(* Write - F m as a union of clopen sets c m j and remove the finitely many pieces with
   j \<le> i and m \<le> m' \<le> i. *)
lemma clopen_approximation_exists:
  fixes F :: "nat \<Rightarrow> 'a::topological_space set"
  assumes space: "countably_clopen_space TYPE('a)"
    and closed: "\<And>m. closed (F m)" and mono: "\<And>m. F m \<subseteq> F (Suc m)"
  shows "\<exists>D. clopen_approximation F D"
proof -
  have "\<forall>m. \<exists>c::nat \<Rightarrow> 'a set. (\<forall>j. clopen (c j)) \<and> - F m = (\<Union>j. c j)"
  proof
    fix m
    obtain c :: "nat \<Rightarrow> 'a set" where "\<And>j. clopen (c j)" "- F m = (\<Union>j. c j)"
      using open_clopen_sequence[OF space open_Compl[OF closed[of m]]] by blast
    then show "\<exists>c::nat \<Rightarrow> 'a set. (\<forall>j. clopen (c j)) \<and> - F m = (\<Union>j. c j)" by blast
  qed
  from choice[OF this] obtain c :: "nat \<Rightarrow> nat \<Rightarrow> 'a set"
    where c: "\<forall>m. (\<forall>j. clopen (c m j)) \<and> - F m = (\<Union>j. c m j)" by blast
  then have clopen_c: "\<And>m j. clopen (c m j)" and compl_F: "\<And>m. - F m = (\<Union>j. c m j)"
    by auto
  define D where "D m i = - (\<Union>j\<in>{..i}. \<Union>m'\<in>{m..i}. c m' j)" for m i
  have D_clopen: "clopen (D m i)" for m i
    unfolding D_def using clopen_c by (intro clopen_Compl clopen_UN) auto
  have D_mono: "D m i \<subseteq> D m' i'" if "m \<le> m'" "i' \<le> i" for m m' i i'
    unfolding D_def using that by auto
  have F_eq: "F m = (\<Inter>i. D m i)" for m
  proof
    show "F m \<subseteq> (\<Inter>i. D m i)"
      unfolding D_def
    proof (intro subsetI INT_I ComplI)
      fix x i assume "x \<in> F m" and "x \<in> (\<Union>j\<in>{..i}. \<Union>m'\<in>{m..i}. c m' j)"
      then obtain j m' where "m \<le> m'" "x \<in> c m' j" by auto
      then show False
        using lift_Suc_mono_le[of F, OF mono \<open>m \<le> m'\<close>] \<open>x \<in> F m\<close> compl_F[of m'] by blast
    qed
    show "(\<Inter>i. D m i) \<subseteq> F m"
    proof
      fix x assume x: "x \<in> (\<Inter>i. D m i)"
      show "x \<in> F m"
      proof (rule ccontr)
        assume "x \<notin> F m"
        then obtain j where "x \<in> c m j" using compl_F[of m] by auto
        then have "x \<notin> D m (max j m)" unfolding D_def by force
        with x show False by blast
      qed
    qed
  qed
  show ?thesis
    unfolding clopen_approximation_def
    by (intro exI[of _ D] conjI allI impI) (simp_all add: D_clopen D_mono F_eq)
qed
lemma pf_clusters_insert:
  assumes "finite \<Lambda>" "finite S" "M \<notin> S"
  shows "pf_clusters W z x (insert M S) A \<Lambda> =
    pf_clusters W z x S A \<Lambda> + (W M - 1) * pf_clusters W z x S (A \<union> (M - {x})) \<Lambda>"
proof -
  let ?t = "\<lambda>Y. prod z Y * boltz W Y {} * prod W {X \<in> S. X - {x} \<subseteq> Y}"
  have "pf_clusters W z x (insert M S) A \<Lambda> =
      (\<Sum>Y\<in>{Y \<in> Pow \<Lambda>. A \<subseteq> Y}. ?t Y + (if M - {x} \<subseteq> Y then (W M - 1) * ?t Y else 0))"
    unfolding pf_clusters_def
  proof (rule sum.cong[OF refl])
    fix Y
    have "{X \<in> insert M S. X - {x} \<subseteq> Y} =
        (if M - {x} \<subseteq> Y then insert M {X \<in> S. X - {x} \<subseteq> Y} else {X \<in> S. X - {x} \<subseteq> Y})"
      by auto
    then show "prod z Y * boltz W Y {} * prod W {X \<in> insert M S. X - {x} \<subseteq> Y} =
        ?t Y + (if M - {x} \<subseteq> Y then (W M - 1) * ?t Y else 0)"
      using assms(2,3) by (simp add: algebra_simps)
  qed
  also have "\<dots> = pf_clusters W z x S A \<Lambda> +
      (\<Sum>Y\<in>{Y \<in> Pow \<Lambda>. A \<subseteq> Y}. if M - {x} \<subseteq> Y then (W M - 1) * ?t Y else 0)"
    by (simp only: sum.distrib pf_clusters_def)
  also have "(\<Sum>Y\<in>{Y \<in> Pow \<Lambda>. A \<subseteq> Y}. if M - {x} \<subseteq> Y then (W M - 1) * ?t Y else 0) =
      (\<Sum>Y\<in>{Y \<in> {Y \<in> Pow \<Lambda>. A \<subseteq> Y}. M - {x} \<subseteq> Y}. (W M - 1) * ?t Y)"
    by (rule sum.inter_filter[symmetric]) (use assms(1) in simp)
  also have "{Y \<in> {Y \<in> Pow \<Lambda>. A \<subseteq> Y}. M - {x} \<subseteq> Y} = {Y \<in> Pow \<Lambda>. A \<union> (M - {x}) \<subseteq> Y}"
    by auto
  finally show ?thesis by (simp add: pf_clusters_def sum_distrib_left)
qed

lemma pfX_singleton_eq_pf_clusters:
  assumes "finite \<Lambda>" "x \<notin> \<Lambda>"
  shows "pfX W z {x} \<Lambda> {} = z x * W {x} * pf_clusters W z x (clusters x \<Lambda>) {} \<Lambda>"
proof -
  have "pfX W z {x} \<Lambda> {} = (\<Sum>Y\<in>Pow \<Lambda>. prod z (insert x Y) * boltz W (insert x Y) {})"
    using assms(2) by (simp add: pfX_def)
  also have "\<dots> = (\<Sum>Y\<in>Pow \<Lambda>. z x * W {x} *
      (prod z Y * boltz W Y {} * prod W {X \<in> clusters x \<Lambda>. X - {x} \<subseteq> Y}))"
  proof (rule sum.cong[OF refl])
    fix Y assume "Y \<in> Pow \<Lambda>"
    then have "Y \<subseteq> \<Lambda>" "finite Y" "x \<notin> Y"
      using assms finite_subset by auto
    then show "prod z (insert x Y) * boltz W (insert x Y) {} = z x * W {x} *
        (prod z Y * boltz W Y {} * prod W {X \<in> clusters x \<Lambda>. X - {x} \<subseteq> Y})"
      by (simp add: boltz_insert clusters_restrict[OF assms(2)] mult_ac)
  qed
  also have "\<dots> = z x * W {x} * pf_clusters W z x (clusters x \<Lambda>) {} \<Lambda>"
    by (simp add: pf_clusters_def sum_distrib_left Pow_def)
  finally show ?thesis .
qed

lemma pfX_WX_eq_pf_clusters:
  assumes "finite \<Lambda>" "x \<notin> \<Lambda>" "A \<subseteq> \<Lambda>"
  shows "pfX (WX W r x M) z A \<Lambda> {} = pf_clusters W z x (below r (clusters x \<Lambda>) M) A \<Lambda>"
  unfolding pfX_eq_sum_supsets[OF assms(3)] pf_clusters_def
proof (rule sum.cong[OF refl])
  fix Y assume "Y \<in> {Y \<in> Pow \<Lambda>. A \<subseteq> Y}"
  then have Y: "Y \<subseteq> \<Lambda>" "finite Y" "x \<notin> Y"
    using assms finite_subset by auto
  have "{X \<in> below r (clusters x \<Lambda>) M. X - {x} \<subseteq> Y} = {X \<in> clusters x Y. (X, M) \<in> r \<and> X \<noteq> M}"
    using clusters_restrict[OF assms(2) Y(1)] unfolding below_def by blast
  then show "prod z Y * boltz (WX W r x M) Y {} =
      prod z Y * boltz W Y {} * prod W {X \<in> below r (clusters x \<Lambda>) M. X - {x} \<subseteq> Y}"
    using Y(2,3) by (simp add: boltz_WX mult.assoc)
qed

lemma pf_clusters_insert_below:
  assumes "finite \<Lambda>" "x \<notin> \<Lambda>" "M \<in> clusters x \<Lambda>" "linear_order_on (M - {x}) s"
    and "W M \<noteq> 1 \<Longrightarrow> \<forall>a\<in>M - {x}.
           pf (WX W r x M) z (\<Lambda> - {a}) (below s (M - {x}) a) \<noteq> 0 \<and>
           eff (WX W r x M) z a (\<Lambda> - {a}) (below s (M - {x}) a) \<noteq> -1"
  shows "pf_clusters W z x (insert M (below r (clusters x \<Lambda>) M)) {} \<Lambda> =
    (1 + (W M - 1) *
      (\<Prod>a\<in>M - {x}. eff (WX W r x M) z a (\<Lambda> - {a}) (below s (M - {x}) a) /
                       (1 + eff (WX W r x M) z a (\<Lambda> - {a}) (below s (M - {x}) a)))) *
    pf_clusters W z x (below r (clusters x \<Lambda>) M) {} \<Lambda>"
proof -
  let ?S = "below r (clusters x \<Lambda>) M"
  have "finite ?S" "M \<notin> ?S"
    using assms(1) by (auto simp: below_def)
  then have insert: "pf_clusters W z x (insert M ?S) {} \<Lambda> =
      pf_clusters W z x ?S {} \<Lambda> + (W M - 1) * pf_clusters W z x ?S (M - {x}) \<Lambda>"
    using pf_clusters_insert[OF assms(1)] by simp
  show ?thesis
  proof (cases "W M = 1")
    case True
    then show ?thesis using insert by simp
  next
    case False
    have "M - {x} \<subseteq> \<Lambda>" using assms(3) by auto
    then have "pf_clusters W z x ?S (M - {x}) \<Lambda> = pfX (WX W r x M) z (M - {x}) \<Lambda> {}"
      using pfX_WX_eq_pf_clusters[OF assms(1,2)] by simp
    also have "\<dots> =
      (\<Prod>a\<in>M - {x}. eff (WX W r x M) z a (\<Lambda> - {a}) (below s (M - {x}) a) /
                       (1 + eff (WX W r x M) z a (\<Lambda> - {a}) (below s (M - {x}) a))) *
      pf (WX W r x M) z \<Lambda> {}"
      using pfX_eq_pf_prod_eff[OF assms(1) \<open>M - {x} \<subseteq> \<Lambda>\<close> assms(4)] assms(5) False by simp
    also have "pf (WX W r x M) z \<Lambda> {} = pf_clusters W z x ?S {} \<Lambda>"
      using pfX_WX_eq_pf_clusters[OF assms(1,2), of "{}"] by (simp add: pf_def)
    finally show ?thesis
      using insert by (simp add: algebra_simps)
  qed
qed

theorem proposition4p5:
  fixes z :: "'a::countable \<Rightarrow> complex" and W :: "'a set \<Rightarrow> complex"
    and x :: 'a and \<Lambda> :: "'a set" and r :: "'a set rel"
    and E :: "'a set set" and ord :: "'a set \<Rightarrow> 'a rel"
  assumes "finite \<Lambda>" and "x \<notin> \<Lambda>"
    and "linear_order_on (Fx x) r"
    and "E \<subseteq> Fx x"
    and "{X \<in> Fx x. W X \<noteq> 1 \<and> X - {x} \<subseteq> \<Lambda>} \<subseteq> E"
    and "\<forall>X\<in>Fx x. linear_order_on (X - {x}) (ord X)"
    and "pf W z \<Lambda> {} \<noteq> 0"
    and "z x * W {x} \<noteq> 0 \<Longrightarrow>
           (\<forall>X\<in>E. \<forall>x'\<in>X - {x}.
              pf (WX W r x X) z (\<Lambda> - {x'}) (below (ord X) (X - {x}) x') \<noteq> 0 \<and>
              eff (WX W r x X) z x' (\<Lambda> - {x'}) (below (ord X) (X - {x}) x') \<noteq> -1)"
  shows "eff W z x \<Lambda> {} =
           z x * (\<Prod>X\<in>{X \<in> Fx x. X - {x} \<subseteq> \<Lambda>}.
              1 + (W X - 1) *
                (\<Prod>x'\<in>X - {x}.
                   eff (WX W r x X) z x' (\<Lambda> - {x'}) (below (ord X) (X - {x}) x') /
                   (1 + eff (WX W r x X) z x' (\<Lambda> - {x'}) (below (ord X) (X - {x}) x'))))"
    (is "_ = z x * prod ?factor _")
proof -
  have "finite (clusters x \<Lambda>)" "{x} \<notin> clusters x \<Lambda>"
    using assms(1,2) by auto
  then have rhs: "prod ?factor {X \<in> Fx x. X - {x} \<subseteq> \<Lambda>} = W {x} * prod ?factor (clusters x \<Lambda>)"
    by (simp add: Fx_restrict_eq_insert_clusters[OF assms(1,2)])
  have lhs: "eff W z x \<Lambda> {} = z x * W {x} * pf_clusters W z x (clusters x \<Lambda>) {} \<Lambda> / pf W z \<Lambda> {}"
    using pfX_singleton_eq_pf_clusters[OF assms(1,2)] by (simp add: eff_def corr_def)
  show ?thesis
  proof (cases "z x * W {x} = 0")
    case True
    show ?thesis by (simp add: lhs rhs True mult.assoc[symmetric])
  next
    case False
    have "pf_clusters W z x (clusters x \<Lambda>) {} \<Lambda> =
        prod ?factor (clusters x \<Lambda>) * pf_clusters W z x {} {} \<Lambda>"
    proof (rule telescope_along_linear_order[OF _ clusters_subset_Fx[OF assms(1)] assms(3)])
      fix M assume M: "M \<in> clusters x \<Lambda>"
      then have "M \<in> Fx x" "W M \<noteq> 1 \<Longrightarrow> M \<in> E"
        using assms(5) clusters_subset_Fx[OF assms(1)] by auto
      then show "pf_clusters W z x (insert M (below r (clusters x \<Lambda>) M)) {} \<Lambda> =
          ?factor M * pf_clusters W z x (below r (clusters x \<Lambda>) M) {} \<Lambda>"
        using assms(6,8) False by (intro pf_clusters_insert_below[OF assms(1,2) M]) auto
    qed fact
    then show ?thesis
      using lhs rhs assms(7) by (simp add: pf_clusters_empty)
  qed
qed
lemma expectation_at_random_time:
  fixes V :: "'a \<Rightarrow> 'v" and t :: "'v \<Rightarrow> nat"
  assumes indep: "indep_set (sets (vimage_algebra (space M) (\<lambda>\<omega> n. X n \<omega>) path_space))
      (sets (vimage_algebra (space M) V N))"
    and V[measurable]: "random_variable N V" and t[measurable]: "t \<in> N \<rightarrow>\<^sub>M count_space UNIV"
  shows "expectation (\<lambda>\<omega>. X (t (V \<omega>)) \<omega>) = mean"
proof -
  let ?P = "distr M path_space (\<lambda>\<omega> n. X n \<omega>)"
  have path_integral: "(\<integral>x. f x \<partial>?P) = expectation (\<lambda>\<omega>. f (\<lambda>n. X n \<omega>))"
    if "f \<in> borel_measurable path_space" for f :: "(nat \<Rightarrow> real) \<Rightarrow> real"
    using integral_distr[OF random_variable_path that] .
  have "(\<lambda>p. snd p (t (fst p))) \<in> borel_measurable (N \<Otimes>\<^sub>M path_space)"
    by (rule measurable_compose_countable[OF _ measurable_compose[OF measurable_fst t]]) simp
  then have "expectation (\<lambda>\<omega>. X (t (V \<omega>)) \<omega>) = (\<integral>v. expectation (X (t v)) \<partial>distr M N V)"
    using indep_set_integral_iterated(2)[OF indep V random_variable_path,
        where \<Phi> = "\<lambda>p. snd p (t (fst p))" and B = "1 + \<sigma> 0 + \<bar>mean\<bar>"]
      path_integral expectation_abs_X_le integrable_X
    by (simp add: integrable_distr_eq[OF random_variable_path])
  also have "\<dots> = (\<integral>v. mean \<partial>distr M N V)"
    by (rule Bochner_Integration.integral_cong[OF refl X_mean])
  also have "\<dots> = mean"
    using prob_space.prob_space[OF prob_space_distr[OF V]] by simp
  finally show ?thesis .
qed
lemma slack_matrix_of_polytope_slack:
  assumes M: "M \<in> carrier_mat p q" and P: "polytope_slack p q n v W w"
    and entries: "\<forall>i<p. \<forall>j<q. M $$ (i, j) = w j - (\<Sum>l<n. W j l * v i l)"
  shows "is_slack_matrix M"
proof -
  define Vm Wm where "Vm = mat p n (\<lambda>(i, l). v i l)" and "Wm = mat q n (\<lambda>(j, l). W j l)"
  have "conv_rows Vm = polyhedron Wm (vec q w)"
    using polytope_slack.conv_eq_polyhedron[OF P]
    unfolding Vm_def Wm_def set_eq_iff conv_rows_mat_iff polyhedron_mat_iff by blast
  moreover have "dim_ge_1 (conv_rows Vm)"
  proof -
    obtain x y l where "in_conv_rows p n v x" "in_conv_rows p n v y" "l < n" "x l \<noteq> y l"
      using polytope_slack.two_points[OF P] by blast
    then have "vec n x \<in> conv_rows Vm" "vec n y \<in> conv_rows Vm" "vec n x \<noteq> vec n y"
      unfolding Vm_def conv_rows_mat_iff in_conv_rows_vec by (auto simp: vec_eq_iff)
    then show ?thesis
      unfolding dim_ge_1_def by blast
  qed
  moreover have "M = mat p q (\<lambda>(i, j). vec q w $ j - row Wm j \<bullet> row Vm i)"
    using M entries by (intro eq_matI) (simp_all add: Vm_def Wm_def scalar_prod_vec)
  ultimately show ?thesis
    unfolding is_slack_matrix_def using M
    by (intro exI[of _ n] exI[of _ Vm] exI[of _ Wm] exI[of _ "vec q w"]) (simp add: Vm_def Wm_def)
qed

lemma cone_eq_span_inter_orthant_vec:
  fixes M :: "real mat"
  assumes M: "M \<in> carrier_mat p q"
  shows "cone_eq_span_inter_orthant p q (\<lambda>i j. M $$ (i, j)) \<longleftrightarrow>
    (\<forall>x \<in> carrier_vec p. nonneg_vec (transpose_mat M *\<^sub>v x) \<longrightarrow>
      (\<exists>c \<in> carrier_vec p. nonneg_vec c \<and> transpose_mat M *\<^sub>v c = transpose_mat M *\<^sub>v x))"
proof -
  have index: "(transpose_mat M *\<^sub>v vec p y) $ j = (\<Sum>i<p. y i * M $$ (i, j))" if "j < q" for y j
    using transpose_mult_mat_vec_index_sum[OF M _ that, of "vec p y"] by simp
  have eq: "transpose_mat M *\<^sub>v vec p c = transpose_mat M *\<^sub>v vec p y \<longleftrightarrow>
      (\<forall>j<q. (\<Sum>i<p. c i * M $$ (i, j)) = (\<Sum>i<p. y i * M $$ (i, j)))" for c y
    using M index by (auto simp: vec_eq_iff)
  have nonneg: "nonneg_vec (transpose_mat M *\<^sub>v vec p y) \<longleftrightarrow> (\<forall>j<q. 0 \<le> (\<Sum>i<p. y i * M $$ (i, j)))" for y
    using M index by (simp add: nonneg_vec_def)
  have vec_forall: "(\<forall>x \<in> carrier_vec p. P x) \<longleftrightarrow> (\<forall>y. P (vec p y))" for P :: "real vec \<Rightarrow> bool"
  proof (intro iffI ballI allI)
    fix x :: "real vec" assume "\<forall>y. P (vec p y)" "x \<in> carrier_vec p"
    moreover have "x = vec p (\<lambda>i. x $ i)"
      using \<open>x \<in> carrier_vec p\<close> by (intro eq_vecI) auto
    ultimately show "P x"
      by metis
  qed simp
  have vec_exists: "(\<exists>c \<in> carrier_vec p. P c) \<longleftrightarrow> (\<exists>c. P (vec p c))" for P :: "real vec \<Rightarrow> bool"
    using vec_forall[of "\<lambda>x. \<not> P x"] by blast
  show ?thesis
    unfolding cone_eq_span_inter_orthant_def vec_forall vec_exists eq nonneg
    by (simp add: nonneg_vec_def)
qed

lemma nonneg_row_combinations_iff:
  fixes M :: "real mat"
  assumes M: "M \<in> carrier_mat p q" and nonneg: "nonneg_mat M"
  shows "{transpose_mat M *\<^sub>v x | x. x \<in> carrier_vec p \<and> nonneg_vec x}
      = {transpose_mat M *\<^sub>v x | x. x \<in> carrier_vec p} \<inter> {y \<in> carrier_vec q. nonneg_vec y}
    \<longleftrightarrow> cone_eq_span_inter_orthant p q (\<lambda>i j. M $$ (i, j))"
    (is "?A = ?B \<longleftrightarrow> _")
proof -
  have carrier: "transpose_mat M *\<^sub>v x \<in> carrier_vec q" for x
    using M by (intro carrier_vecI) simp
  have "nonneg_vec (transpose_mat M *\<^sub>v x)" if "x \<in> carrier_vec p" "nonneg_vec x" for x
    using that M nonneg transpose_mult_mat_vec_index_sum[OF M that(1)]
    by (auto simp: nonneg_vec_def nonneg_mat_def intro!: sum_nonneg)
  then have "?A \<subseteq> ?B"
    using carrier by blast
  moreover have "?B \<subseteq> ?A \<longleftrightarrow> (\<forall>x \<in> carrier_vec p. nonneg_vec (transpose_mat M *\<^sub>v x) \<longrightarrow>
      (\<exists>c \<in> carrier_vec p. nonneg_vec c \<and> transpose_mat M *\<^sub>v c = transpose_mat M *\<^sub>v x))"
  proof
    assume BA: "?B \<subseteq> ?A"
    show "\<forall>x \<in> carrier_vec p. nonneg_vec (transpose_mat M *\<^sub>v x) \<longrightarrow>
      (\<exists>c \<in> carrier_vec p. nonneg_vec c \<and> transpose_mat M *\<^sub>v c = transpose_mat M *\<^sub>v x)"
    proof (intro ballI impI)
      fix x assume "x \<in> carrier_vec p" "nonneg_vec (transpose_mat M *\<^sub>v x)"
      then have "transpose_mat M *\<^sub>v x \<in> ?A"
        using BA carrier by blast
      then show "\<exists>c \<in> carrier_vec p. nonneg_vec c \<and> transpose_mat M *\<^sub>v c = transpose_mat M *\<^sub>v x"
        by auto
    qed
  next
    assume cone: "\<forall>x \<in> carrier_vec p. nonneg_vec (transpose_mat M *\<^sub>v x) \<longrightarrow>
      (\<exists>c \<in> carrier_vec p. nonneg_vec c \<and> transpose_mat M *\<^sub>v c = transpose_mat M *\<^sub>v x)"
    show "?B \<subseteq> ?A"
    proof
      fix y assume "y \<in> ?B"
      then obtain x where "x \<in> carrier_vec p" "y = transpose_mat M *\<^sub>v x" "nonneg_vec y"
        by blast
      with cone obtain c where "c \<in> carrier_vec p" "nonneg_vec c" "transpose_mat M *\<^sub>v c = y"
        by blast
      then show "y \<in> ?A"
        by blast
    qed
  qed
  ultimately show ?thesis
    unfolding cone_eq_span_inter_orthant_vec[OF M] by blast
qed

_EXERCISE DIRECTIONS_:
Return exactly the opening lines of the listing above, ending with the line that has "m \<subseteq> (\<Inter>i.".

_RESPONSE TO THIS TASK_:
(* Write - F m as a union of clopen sets c m j and remove the finitely many pieces with
   j \<le> i and m \<le> m' \<le> i. *)
lemma clopen_approximation_exists:
  fixes F :: "nat \<Rightarrow> 'a::topological_space set"
  assumes space: "countably_clopen_space TYPE('a)"
    and closed: "\<And>m. closed (F m)" and mono: "\<And>m. F m \<subseteq> F (Suc m)"
  shows "\<exists>D. clopen_approximation F D"
proof -
  have "\<forall>m. \<exists>c::nat \<Rightarrow> 'a set. (\<forall>j. clopen (c j)) \<and> - F m = (\<Union>j. c j)"
  proof
    fix m
    obtain c :: "nat \<Rightarrow> 'a set" where "\<And>j. clopen (c j)" "- F m = (\<Union>j. c j)"
      using open_clopen_sequence[OF space open_Compl[OF closed[of m]]] by blast
    then show "\<exists>c::nat \<Rightarrow> 'a set. (\<forall>j. clopen (c j)) \<and> - F m = (\<Union>j. c j)" by blast
  qed
  from choice[OF this] obtain c :: "nat \<Rightarrow> nat \<Rightarrow> 'a set"
    where c: "\<forall>m. (\<forall>j. clopen (c m j)) \<and> - F m = (\<Union>j. c m j)" by blast
  then have clopen_c: "\<And>m j. clopen (c m j)" and compl_F: "\<And>m. - F m = (\<Union>j. c m j)"
    by auto
  define D where "D m i = - (\<Union>j\<in>{..i}. \<Union>m'\<in>{m..i}. c m' j)" for m i
  have D_clopen: "clopen (D m i)" for m i
    unfolding D_def using clopen_c by (intro clopen_Compl clopen_UN) auto
  have D_mono: "D m i \<subseteq> D m' i'" if "m \<le> m'" "i' \<le> i" for m m' i i'
    unfolding D_def using that by auto
  have F_eq: "F m = (\<Inter>i. D m i)" for m
  proof
    show "F m \<subseteq> (\<Inter>i. D m i)"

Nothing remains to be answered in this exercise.